* ACTIVITY *
Would you please copy each line of the data in which the string "disjoint" occurs?

[Dataset entries]
section \<open>Chord diagrams\<close>

lemma chord_diagram_iff_partition_on:
  "chord_diagram n M \<longleftrightarrow> partition_on {1..2*n} M \<and> (\<forall>e\<in>M. card e = 2)"
proof
  assume M: "chord_diagram n M"
  then have sub: "\<And>e. e \<in> M \<Longrightarrow> e \<subseteq> {1..2*n}" and two: "\<forall>e\<in>M. card e = 2"
    and cover: "\<And>x. x \<in> {1..2*n} \<Longrightarrow> \<exists>!e. e \<in> M \<and> x \<in> e"
    unfolding chord_diagram_def by auto
  have "\<Union>M = {1..2*n}"
    using sub cover by blast
  moreover have "disjoint M"
    unfolding pairwise_def disjnt_def using sub cover by blast
  moreover have "{} \<notin> M"
    using two by force
  ultimately show "partition_on {1..2*n} M \<and> (\<forall>e\<in>M. card e = 2)"
    using two by (simp add: partition_on_def)
next
  assume "partition_on {1..2*n} M \<and> (\<forall>e\<in>M. card e = 2)"
  then have union: "\<Union>M = {1..2*n}" and disj: "disjoint M" and two: "\<forall>e\<in>M. card e = 2"
    by (auto simp: partition_on_def)
  have "\<exists>!e. e \<in> M \<and> x \<in> e" if "x \<in> {1..2*n}" for x
    using that union disj unfolding pairwise_def disjnt_def by blast
  then show "chord_diagram n M"
    unfolding chord_diagram_def using union two by blast
qed

lemma finite_card_chord_diagram:
  assumes "chord_diagram n M"
  shows "finite M" "card M = n"
proof -
  have part: "partition_on {1..2*n} M" and two: "\<forall>e\<in>M. card e = 2"
    using assms by (simp_all add: chord_diagram_iff_partition_on)
  show "finite M"
    using finite_elements[OF _ part] by simp
  have "finite e" if "e \<in> M" for e
    using two that by (intro card_ge_0_finite) simp
  then have "card {1..2*n} = (\<Sum>e\<in>M. card e)"
    using part by (intro product_partition)
  then show "card M = n"
    using two by simp
qed

lemma Union_chord_diagram: "chord_diagram n M \<Longrightarrow> \<Union>M = {1..2*n}"
  by (simp add: chord_diagram_iff_partition_on partition_on_def)

lemma finite_chord_diagrams: "finite {M. chord_diagram n M}"
  by (rule finite_subset[of _ "Pow (Pow {1..2*n})"]) (auto simp: chord_diagram_def)

lemma chord_diagram_image:
  assumes g: "g permutes {1..2*n}" and M: "chord_diagram n M"
  shows "chord_diagram n ((\<lambda>e. g ` e) ` M)"
proof -
  have inj: "inj_on g {1..2*n}"
    using permutes_inj[OF g] by (rule inj_on_subset) simp
  have part: "partition_on {1..2*n} M" and two: "\<forall>e\<in>M. card e = 2"
    using M by (simp_all add: chord_diagram_iff_partition_on)
  have "partition_on (g ` {1..2*n}) ((\<lambda>e. g ` e) ` M - {{}})"
    using part inj by (rule partition_on_inj_image)
  moreover have "{} \<notin> (\<lambda>e. g ` e) ` M"
    using partition_onD3[OF part] by (simp add: image_iff)
  moreover have "card (g ` e) = 2" if "e \<in> M" for e
  proof -
    have "e \<subseteq> {1..2*n}"
      unfolding partition_onD1[OF part] using that by (rule Union_upper)
    then show ?thesis
      using card_image[OF inj_on_subset[OF inj]] bspec[OF two that] by simp
  qed
  ultimately show ?thesis
    unfolding chord_diagram_iff_partition_on permutes_image[OF g] by simp
qed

* SOLUTION TO THIS PROBLEM *
  moreover have "disjoint M"
  then have union: "\<Union>M = {1..2*n}" and disj: "disjoint M" and two: "\<forall>e\<in>M. card e = 2"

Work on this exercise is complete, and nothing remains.